Multiple variants that cause holocarboxylase synthetase deficiency have been described (70; 80; 27; 91). Mutations are located across the gene. Several mutations that occur in individuals from the Faroe Islands (prevalence is 10 times that in the rest of the world) and from Japan are likely due to founder effects. Clinical biotin-responsiveness correlates positively with residual holocarboxylase activity. Children with holocarboxylase synthetase deficiency from Samoa have a form of the disorder that is only partially responsive to biotin, and these children usually have a poor outcome (83). In a study of an affected child with incomplete responsiveness to biotin therapy, the turnover rate of the aberrant enzyme was shown to be twice that of normal and offers an explanation for the incomplete responsiveness to biotin (04). In addition, an individual with holocarboxylase synthetase deficiency was found to have a paracentric inversion of chromosome 21 involving a deletion in the holocarboxylase synthetase gene on one allele and a missense mutation in the gene on the other allele (53). There have been multiple reports of Chinese children with novel pathogenic variants in the HCS gene (90; 89; 96). One of these children also had hearing loss, which appears to be rare in this disorder (96). However, hearing evaluation should be considered in these individuals. In a study of 28 children found to have holocarboxylase synthetase deficiency in China, most were identified symptomatically with metabolic compromise, whereas only five were ascertained by newborn screening (34). The clinical and biochemical symptoms resolved with biotin therapy in almost individuals.
Deficient holocarboxylase synthetase activity results in failure to biotinylate the various biotin-dependent carboxylases, so that an affected individual develops multiple carboxylase deficiency. Subsequently, the results are the accumulation of organic acid metabolites that are commonly seen in each of the isolated carboxylase deficiencies. Patients with holocarboxylase synthetase deficiency are not biotin deficient. Biotin holocarboxylase synthetase is involved in the regulation of its own mRNA concentrations (50). In a biotin-deficient state, the synthetase is down-regulated in the liver, whereas it is constitutively expressed in the brain. This mechanism may spare functions of biotin in the brain compared to those in other organs, such as liver and kidney. In holocarboxylase synthetase deficiency, some of the symptoms of the disorder may be due to this down-regulation in liver, and biotin supplementation may be important to overcoming this effect.
Children with holocarboxylase synthetase deficiency have all exhibited metabolic ketoacidosis and organic aciduria. Most of those who were evaluated had hyperammonemia. The metabolic acidosis is usually accompanied by an increased anion gap and elevated lactate. The ketosis is due to the accumulation of abnormal organic acid metabolites, beta-hydroxypropionate, methylcitrate, beta-hydroxyisovaleric acid, beta-methylcrotonylglycine, and beta-hydroxybutyrate in urine (72). Hyperammonemia plays a major role in causing the lethargy, somnolence, and coma seen in the disorder. The hyperammonemia is due to the secondary inhibition of N-acetylglutamate synthetase, which is the producer of N-acetylglutamate, the activator of carbamyl phosphate synthetase in the urea cycle.

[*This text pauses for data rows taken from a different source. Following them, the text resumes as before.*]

lemma graph_in_frontier:
  assumes z: "z \<in> ball p r" "Y2 z = h (Y1 z)"
  shows "z \<in> frontier G"
proof -
  have "z \<in> closure G" unfolding closure_approachable
  proof (intro allI impI)
    fix e :: real assume "e > 0"
    define \<rho> where "\<rho> = min (e/2) ((r - dist p z)/2)"
    have \<rho>: "\<rho> > 0" "\<rho> < e" "\<rho> < r - dist p z"
      using \<open>e > 0\<close> z(1) unfolding \<rho>_def by (auto simp: min_def)
    define y where "y = z - \<rho> *\<^sub>R inv Q (axis 2 1)"
    have Qy: "Q (y - p) = Q (z - p) - \<rho> *\<^sub>R axis 2 1"
    proof -
      have "y - p = (z - p) - \<rho> *\<^sub>R inv Q (axis 2 1)" by (simp add: y_def algebra_simps)
      then show ?thesis by (simp add: linear_diff[OF Q_linear] linear_scale[OF Q_linear] Q_inv)
    qed
    have dy: "dist y z = \<rho>"
      using norm_Q[of "inv Q (axis 2 1)"] \<rho> by (simp add: y_def dist_norm Q_inv)
    then have "y \<in> ball p r"
      using dist_triangle[of p y z] \<rho> by (simp add: dist_commute)
    moreover have "Y1 y = Y1 z" "Y2 y = Y2 z - \<rho>"
      unfolding Y1_def Y2_def Qy by (auto simp: axis_def)
    ultimately have "y \<in> G" using mem_G_iff z(2) \<rho> by simp
    then show "\<exists>y\<in>G. dist y z < e" using dy \<rho> by auto
  qed
  moreover have "z \<notin> G" using mem_G_iff[OF z(1)] z(2) by simp
  ultimately show ?thesis unfolding frontier_def using interior_open[OF open_G] by auto
qed

definition graph_normal :: "real^2 \<Rightarrow> real^2"
  where "graph_normal y = inv Q ((1 / sqrt (1 + (h' (Y1 y))\<^sup>2)) *\<^sub>R vec2 (- h' (Y1 y)) 1)"

lemma Q_graph_normal: "Q (graph_normal y) = (1 / sqrt (1 + (h' (Y1 y))\<^sup>2)) *\<^sub>R vec2 (- h' (Y1 y)) 1"
  by (simp add: graph_normal_def Q_inv)

lemma norm_graph_normal: "norm (graph_normal y) = 1"
proof -
  have "norm (vec2 (- h' (Y1 y)) 1) = sqrt (1 + (h' (Y1 y))\<^sup>2)"
    by (simp add: norm_real2 add.commute)
  moreover have "0 < sqrt (1 + (h' (Y1 y))\<^sup>2)"
    by (simp add: add_pos_nonneg)
  ultimately have "norm (Q (graph_normal y)) = 1"
    by (simp add: Q_graph_normal)
  then show ?thesis by (simp add: norm_Q)
qed

lemma inner_graph_normal:
  "(q - y) \<bullet> graph_normal y = ((Y2 q - Y2 y) - h' (Y1 y) * (Y1 q - Y1 y)) / sqrt (1 + (h' (Y1 y))\<^sup>2)"
proof -
  have "(q - y) \<bullet> graph_normal y = Q (q - y) \<bullet> Q (graph_normal y)"
    by (simp only: Q_inner)
  also have "\<dots> = vec2 (Y1 q - Y1 y) (Y2 q - Y2 y) \<bullet>
      ((1 / sqrt (1 + (h' (Y1 y))\<^sup>2)) *\<^sub>R vec2 (- h' (Y1 y)) 1)"
    by (simp only: Q_diff Q_graph_normal)
  also have "\<dots> = ((Y2 q - Y2 y) - h' (Y1 y) * (Y1 q - Y1 y)) / sqrt (1 + (h' (Y1 y))\<^sup>2)"
    using add_pos_nonneg[of 1 "(h' (Y1 y))\<^sup>2"] by (simp add: inner_real2 field_simps)
  finally show ?thesis .
qed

Immunological studies in one patient prior to biotin treatment revealed the absence of lymphocytic response to phytohemagglutinin in vitro. The response was restored after biotin was added to the culture medium. Abnormalities in immunological function were attributed to the effects of accumulations of abnormal metabolites.

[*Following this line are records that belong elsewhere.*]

(* Let $p=(p_1,\dots,p_n)$ be a probability distribution, $m\ge 2$, $\delta>0$, $\eta>0$, and $\varphi_j=2^{-j}$ for $j\ge 0$. For $j=1,\dots,m$ let $\beta_j,\beta_j':[0,1]\to\mathbb{R}$ satisfy, for all $x\in[0,1]$: $\beta_j(x)^2+\beta_j'(x)^2=1$; $\beta_j(x)^2\le\delta^2$ whenever $0\le x\le\varphi_j$; and $\beta_j(x)^2\ge 1-\delta^2$ whenever $2\varphi_j\le x\le 1$. Let $B_j'(x)=\prod_{i=1}^j\beta_i'(x)$ ($B_0'\equiv1$) and $B_j(x)=B_{j-1}'(x)\beta_j(x)$. For $k=1,\dots,m$ let $S_k$ be a real even polynomial with $|S_k(x)|\le 1$ for all $x\in[-1,1]$ and $$\left|S_k(x)-\frac{\sqrt{\log(2/x)}}{2\sqrt{\log(1/\varphi_{k+1})}}\right|\le\eta\quad\text{for all }x\in[\varphi_k,1].$$ Define $v_k=\sum_{i=1}^n p_i S_k(\sqrt{p_i})^2B_k(\sqrt{p_i})^2\log\frac{1}{\varphi_{k+1}}$ and $v=-2+\sum_{k=1}^m 8v_k$. Then $$|v-H(p)|=\tilde{\mathcal{O}}\!\left(m\delta^2+\eta+\frac{n}{2^m}\right),$$ where $H(p)=-\sum_i p_i\log p_i$.
   Context: All logarithms are base 2. $\tilde{\mathcal{O}}$ hides constant and polylogarithmic factors. *)

theory Defs
  imports "HOL-Analysis.Analysis" "HOL-Computational_Algebra.Polynomial"
begin

definition phi :: "nat \<Rightarrow> real" where
  "phi j = (1/2) ^ j"

definition Bprime :: "(nat \<Rightarrow> real \<Rightarrow> real) \<Rightarrow> nat \<Rightarrow> real \<Rightarrow> real" where
  "Bprime beta' j x = (\<Prod>i=1..j. beta' i x)"

definition Bfun :: "(nat \<Rightarrow> real \<Rightarrow> real) \<Rightarrow> (nat \<Rightarrow> real \<Rightarrow> real) \<Rightarrow> nat \<Rightarrow> real \<Rightarrow> real" where
  "Bfun beta beta' j x = Bprime beta' (j - 1) x * beta j x"

definition even_poly :: "real poly \<Rightarrow> bool" where
  "even_poly P \<longleftrightarrow> (\<forall>i. odd i \<longrightarrow> coeff P i = 0)"

definition entropy :: "nat \<Rightarrow> (nat \<Rightarrow> real) \<Rightarrow> real" where
  "entropy n p = - (\<Sum>i=1..n. p i * log 2 (p i))"
(* Let $\varphi=\mathrm{vec}(A)$, $\varphi_0=\mathrm{vec}(A_0)$ with $A,A_0\in\mathbb{R}^{(p-r)\times r}$, $\|A\|_2<1$, $\|A_0\|_2<1$. If $$\|\sin\Theta\{U(\varphi),U(\varphi_0)\}\|_F\le\frac{(1-\|A_0\|_2^2)^2}{8(1+\|A_0\|_2^2)^2},$$ then $$\|U(\varphi)-U(\varphi_0)\|_F\le4\Big\{1+\frac{32\sqrt2(1+\|A_0\|_2^2)^2}{(1-\|A_0\|_2^2)^2}\Big\}\|\sin\Theta\{U(\varphi),U(\varphi_0)\}\|_F .$$ Moreover, for all such $\varphi,\varphi_0$, $\|\sin\Theta\{U(\varphi),U(\varphi_0)\}\|_F\le\sqrt2\,\|U(\varphi)-U(\varphi_0)\|_F$.
   Context: Fix $1\le r\le p$. For $A\in\mathbb{R}^{(p-r)\times r}$, $\varphi=\mathrm{vec}(A)$, $X_\varphi=\begin{bmatrix}0_{r\times r}&-A^{T}\\ A&0\end{bmatrix}$, $I_{p\times r}=\begin{bmatrix}I_r\\0\end{bmatrix}$, and $U(\varphi)=(I_p+X_\varphi)(I_p-X_\varphi)^{-1}I_{p\times r}\in\mathbb{O}(p,r)$ (Cayley parameterization; $\mathbb{O}(p,r)$ = $p\times r$ matrices with orthonormal columns). For $U,V\in\mathbb{O}(p,r)$ with singular values $\sigma_1\ge\dots\ge\sigma_r$ of $U^TV$, the canonical angles are $\theta_i=\arccos\sigma_i$ and $\|\sin\Theta(U,V)\|_F=(\sum_{i=1}^r\sin^2\theta_i)^{1/2}$. *)

theory Defs
  imports "HOL-Analysis.Analysis"
begin

text \<open>Index convention: the r coordinates are indexed by a finite type 'r and
the p - r remaining coordinates by a finite type 'k; the ambient index set of
size p is the sum type 'r + 'k (first block Inl = the first r coordinates).\<close>

definition spec_norm :: "real^'n^'m \<Rightarrow> real" where
  "spec_norm M = onorm (\<lambda>x. M *v x)"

EEG studies of three patients were all diffusely abnormal, with one patient showing burst-suppression activity that improved markedly on biotin therapy (84). CT scan of the head has been reported in two children: one was normal, and the other revealed low-density changes scattered throughout the white matter, with loss of demarcation between the white and gray matter, mild to moderate ventricular dilation, and cerebral atrophy (84).
Epidemiology
Fourteen children with holocarboxylase synthetase deficiency have been reported, and 20 patients are known. Because only a small number of patients have been reported, racial and ethnic distributions are not known.
Prevention
Early initiation of biotin therapy has prevented or ameliorated clinical symptoms and metabolic compromise in all patients.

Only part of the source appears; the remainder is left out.